Gene therapy is potentially a very powerful therapeutic tool applicable to a wide range of diseases including several blood disorders. After years of failure, there have been recent successes in the treatment of infants with immunodeficiency and in selected patients with malignancy. The basis of the technique is the insertion of a new functional gene into a cell (Fig 51.3). The gene is introduced into the target cell by use of a ‘vector’. Disabled viruses are commonly used as vectors because they can undertake tasks necessary for successful gene transfer such as binding to the target cell and delivering the viral genome to the nucleus for transcription. Non-viral vectors based on plasmid DNA produced in bacteria and combined with lipids are also used. The optimum vector and delivery method is likely to vary depending on the disease under treatment. Early protocols mainly involved an ex vivo approach where the gene was inserted into cells taken from the patient. However, more recently the vector is normally given directly to the patient (in vivo approach). The problems have been numerous and have included difficulties in characterising and accessing the target cells, poor efficacy of gene transfer, short-lived expression of the newly introduced gene, and safety issues. The latter especially relate to viral vectors which have caused clinical symptoms of infection and induced massive immunological responses. Two children cured of their immunodeficiency by gene therapy subsequently developed leukaemia as a result of insertional mutagenesis.

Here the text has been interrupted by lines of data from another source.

(* Let $(X,T)$ and $(X',T')$ be minimal Cantor systems such that $(X',T')$ is a factor of $(X,T)$. Then $\mathbb P(X',T')\subseteq\mathbb P(X,T)$.
   Context: A minimal Cantor system is a pair $(X,T)$ where $X$ is a Cantor space, $T:X\to X$ a homeomorphism, and every orbit is dense. $(X',T')$ is a factor of $(X,T)$ if there is a continuous onto $\pi:X\to X'$ with $\pi\circ T=T'\circ\pi$. For $x\in X$, clopen $U$ and $p\ge1$, $\mathrm{PS}_p(x,U)=\{k\in\mathbb Z : T^{k+np}x\in U\ \forall n\in\mathbb Z\}$. An integer $p$ is an essential period of $x$ for $U$ if $\mathrm{PS}_p(x,U)\neq\emptyset$ and $p$ divides every $q\in\mathbb Z$ satisfying $\mathrm{PS}_p(x,U)=\mathrm{PS}_p(x,U)-q$. $\mathbb P(X,T)=\{p\geq 2 : p \text{ is an essential period of some } x\in X \text{ for some clopen } U\}$. *)

theory Defs
  imports "HOL-Analysis.Analysis"
begin

definition cantor_space :: "'a::metric_space set \<Rightarrow> bool" where
  "cantor_space X \<longleftrightarrow> X \<noteq> {} \<and> compact X
     \<and> (\<forall>x\<in>X. x islimpt X)
     \<and> (\<forall>x\<in>X. connected_component_set X x = {x})"

definition tpow :: "'a set \<Rightarrow> ('a \<Rightarrow> 'a) \<Rightarrow> int \<Rightarrow> 'a \<Rightarrow> 'a" where
  "tpow X T k = (if k \<ge> 0 then T ^^ nat k else inv_into X T ^^ nat (- k))"

definition minimal_cantor_system :: "'a::metric_space set \<Rightarrow> ('a \<Rightarrow> 'a) \<Rightarrow> bool" where
  "minimal_cantor_system X T \<longleftrightarrow> cantor_space X
     \<and> (\<exists>S. homeomorphism X X T S)
     \<and> (\<forall>x\<in>X. X \<subseteq> closure {tpow X T k x | k. True})"

definition is_factor ::
  "'b::metric_space set \<Rightarrow> ('b \<Rightarrow> 'b) \<Rightarrow> 'a::metric_space set \<Rightarrow> ('a \<Rightarrow> 'a) \<Rightarrow> bool" where
  "is_factor X' T' X T \<longleftrightarrow> (\<exists>\<pi>. continuous_on X \<pi> \<and> \<pi> ` X = X'
     \<and> (\<forall>x\<in>X. \<pi> (T x) = T' (\<pi> x)))"

definition clopen_in :: "'a::topological_space set \<Rightarrow> 'a set \<Rightarrow> bool" where
  "clopen_in X U \<longleftrightarrow> openin (top_of_set X) U \<and> closedin (top_of_set X) U"

definition PS :: "'a set \<Rightarrow> ('a \<Rightarrow> 'a) \<Rightarrow> int \<Rightarrow> 'a \<Rightarrow> 'a set \<Rightarrow> int set" where
  "PS X T p x U = {k. \<forall>n::int. tpow X T (k + n * p) x \<in> U}"

definition essential_period :: "'a set \<Rightarrow> ('a \<Rightarrow> 'a) \<Rightarrow> int \<Rightarrow> 'a \<Rightarrow> 'a set \<Rightarrow> bool" where
  "essential_period X T p x U \<longleftrightarrow> p \<ge> 1 \<and> PS X T p x U \<noteq> {}
     \<and> (\<forall>q::int. PS X T p x U = (\<lambda>k. k - q) ` PS X T p x U \<longrightarrow> p dvd q)"

definition periods :: "'a::metric_space set \<Rightarrow> ('a \<Rightarrow> 'a) \<Rightarrow> int set" where
  "periods X T = {p. p \<ge> 2 \<and> (\<exists>x\<in>X. \<exists>U. clopen_in X U \<and> essential_period X T p x U)}"

end

theory Submission
  imports Defs
begin

text \<open>If \<open>\<pi>\<close> is the factor map and \<open>U'\<close> a clopen set of \<open>X'\<close>, then \<open>U = \<pi>\<^sup>-\<^sup>1(U')\<close> is clopen
  in \<open>X\<close>, and for any \<open>x\<close> over \<open>x'\<close> the conjugacy \<open>\<pi> \<circ> T\<^sup>k = T'\<^sup>k \<circ> \<pi>\<close> (for all integers \<open>k\<close>)
  gives \<open>PS\<^sub>p(x, U) = PS\<^sub>p(x', U')\<close>. Hence every essential period of \<open>x'\<close> for \<open>U'\<close> is an
  essential period of \<open>x\<close> for \<open>U\<close>.\<close>

lemma homeomorphism_self_imp_bij_betw:
  assumes "homeomorphism X X T S"
  shows "bij_betw T X X"
  using assms unfolding homeomorphism_def bij_betw_def by (auto intro: inj_on_inverseI)

lemma semiconj_funpow:
  assumes "T ` X \<subseteq> X" and "\<forall>x\<in>X. \<pi> (T x) = T' (\<pi> x)" and "x \<in> X"
  shows "(T ^^ n) x \<in> X \<and> \<pi> ((T ^^ n) x) = (T' ^^ n) (\<pi> x)"
  using assms by (induction n) auto

lemma semiconj_inv_into:
  assumes "T ` X = X" and "inj_on T' X'" and "\<pi> ` X \<subseteq> X'"
    and "\<forall>x\<in>X. \<pi> (T x) = T' (\<pi> x)" and "w \<in> X"
  shows "inv_into X T w \<in> X \<and> \<pi> (inv_into X T w) = inv_into X' T' (\<pi> w)"
proof -
  define z where "z = inv_into X T w"
  have z: "z \<in> X" "T z = w"
    using assms(1,5) unfolding z_def by (metis inv_into_into, metis f_inv_into_f)
  then have "\<pi> w = T' (\<pi> z)" and "\<pi> z \<in> X'"
    using assms(3,4) by auto
  then have "inv_into X' T' (\<pi> w) = \<pi> z"
    using assms(2) by simp
  with z show ?thesis unfolding z_def by simp
qed

lemma semiconj_tpow:
  assumes "bij_betw T X X" and "inj_on T' X'" and "\<pi> ` X \<subseteq> X'"
    and "\<forall>x\<in>X. \<pi> (T x) = T' (\<pi> x)" and "x \<in> X"
  shows "tpow X T k x \<in> X \<and> \<pi> (tpow X T k x) = tpow X' T' k (\<pi> x)"
proof -
  have img: "T ` X = X"
    using assms(1) by (simp add: bij_betw_def)
  have "(inv_into X T ^^ n) x \<in> X
      \<and> \<pi> ((inv_into X T ^^ n) x) = (inv_into X' T' ^^ n) (\<pi> x)" for n
  proof (induction n)
    case (Suc n)
    then show ?case
      using semiconj_inv_into[OF img assms(2-4), of "(inv_into X T ^^ n) x"] by simp
  qed (simp add: assms(5))
  moreover have "(T ^^ n) x \<in> X \<and> \<pi> ((T ^^ n) x) = (T' ^^ n) (\<pi> x)" for n
    using semiconj_funpow[OF _ assms(4,5)] img by blast
  ultimately show ?thesis unfolding tpow_def by auto
qed

lemma PS_preimage:
  assumes "bij_betw T X X" and "inj_on T' X'" and "\<pi> ` X \<subseteq> X'"
    and "\<forall>x\<in>X. \<pi> (T x) = T' (\<pi> x)" and "x \<in> X"
  shows "PS X T p x (X \<inter> \<pi> -` U') = PS X' T' p (\<pi> x) U'"
proof -
  have "tpow X T k x \<in> X \<inter> \<pi> -` U' \<longleftrightarrow> tpow X' T' k (\<pi> x) \<in> U'" for k
    using semiconj_tpow[OF assms, of k] by simp
  then show ?thesis
    unfolding PS_def by simp
qed

lemma clopen_in_preimage:
  assumes "continuous_on X \<pi>" and "\<pi> ` X \<subseteq> X'" and "clopen_in X' U'"
  shows "clopen_in X (X \<inter> \<pi> -` U')"
proof -
  have \<pi>: "\<pi> \<in> X \<rightarrow> X'"
    using assms(2) by blast
  show ?thesis
    using assms(3) continuous_openin_preimage[OF assms(1) \<pi>]
      continuous_closedin_preimage_gen[OF assms(1) \<pi>]
    unfolding clopen_in_def by simp
qed

lemma periods_mono_factor:
  assumes "bij_betw T X X" and "inj_on T' X'"
    and "continuous_on X \<pi>" and "\<pi> ` X = X'" and "\<forall>x\<in>X. \<pi> (T x) = T' (\<pi> x)"
  shows "periods X' T' \<subseteq> periods X T"
proof
  fix p assume "p \<in> periods X' T'"
  then obtain x' U' where p: "p \<ge> 2" and "x' \<in> X'" and U': "clopen_in X' U'"
    and ess: "essential_period X' T' p x' U'"
    unfolding periods_def by blast
  then obtain x where x: "x \<in> X" "\<pi> x = x'"
    using assms(4) by blast
  have "PS X T p x (X \<inter> \<pi> -` U') = PS X' T' p x' U'"
    using PS_preimage[OF assms(1,2) _ assms(5) x(1)] assms(4) x(2) by simp
  with ess have "essential_period X T p x (X \<inter> \<pi> -` U')"
    unfolding essential_period_def by simp
  moreover have "clopen_in X (X \<inter> \<pi> -` U')"
    using clopen_in_preimage[OF assms(3) _ U'] assms(4) by simp
  ultimately show "p \<in> periods X T"
    unfolding periods_def using p x(1) by blast
qed

theorem mainTheorem4:
  fixes X :: "'a::metric_space set" and T :: "'a \<Rightarrow> 'a"
    and X' :: "'b::metric_space set" and T' :: "'b \<Rightarrow> 'b"
  assumes "minimal_cantor_system X T" and "minimal_cantor_system X' T'"
    and "is_factor X' T' X T"
  shows "periods X' T' \<subseteq> periods X T"
proof -
  obtain S S' where T: "homeomorphism X X T S" and T': "homeomorphism X' X' T' S'"
    using assms(1,2) unfolding minimal_cantor_system_def by blast
  have "bij_betw T X X"
    using T by (rule homeomorphism_self_imp_bij_betw)
  moreover have "inj_on T' X'"
    using homeomorphism_self_imp_bij_betw[OF T'] by (rule bij_betw_imp_inj_on)
  moreover obtain \<pi> where "continuous_on X \<pi>" and "\<pi> ` X = X'"
    and "\<forall>x\<in>X. \<pi> (T x) = T' (\<pi> x)"
    using assms(3) unfolding is_factor_def by blast
  ultimately show ?thesis
    by (rule periods_mono_factor)
qed

end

As single-gene disorders, both haemophilia and thalassaemia are good candidates for cure by gene therapy. Haemophilia is a particularly attractive target disease as only a very small sustained increase in factor VIII or IX levels (1–2%) significantly reduces the bleeding tendency. A variety of methods for transferring genes for factor VIII and IX are under investigation. No single technique has emerged as being definitely superior. Animal studies with viral-derived vectors suggest that it is possible to provide sustained therapeutic levels of the clotting factors. Allowing the possibility that gene therapy for haemophilia may involve unforeseen risks, a number of carefully designed clinical studies in consenting patients are under way. In an early trial, a small number of patients with severe haemophilia B were treated using a non-pathogenic, non-integrating adeno-associated virus (AAV) as a DNA carrier. An intravenous schedule with gradually increased doses was used. Patients achieved increased factor IX levels with sustained clinical benefit, some being able to stop prophylactic factor IX treatment. In thalassaemia initial efforts at gene therapy have been directed against diseases of the β-globin gene. The therapeutic strategy involves insertion of a normally functioning γ-globin or β-globin gene into the patient’s haematopoietic stem cells. At the time of writing, one patient with β-thalassaemia has been rendered transfusion independent following gene therapy but it is unclear if this was fortuitous or if this success can be reproduced in larger trials.

Gene therapy is also likely to have a role in malignant disorders. Leukaemia is essentially a genetic disease and, in theory, gene therapy could eventually be used to correct the abnormality in the malignant cell and cure the patient with minimal side-effects. Alternatively, gene therapy might be used to augment the patient’s own immune response against malignant cells.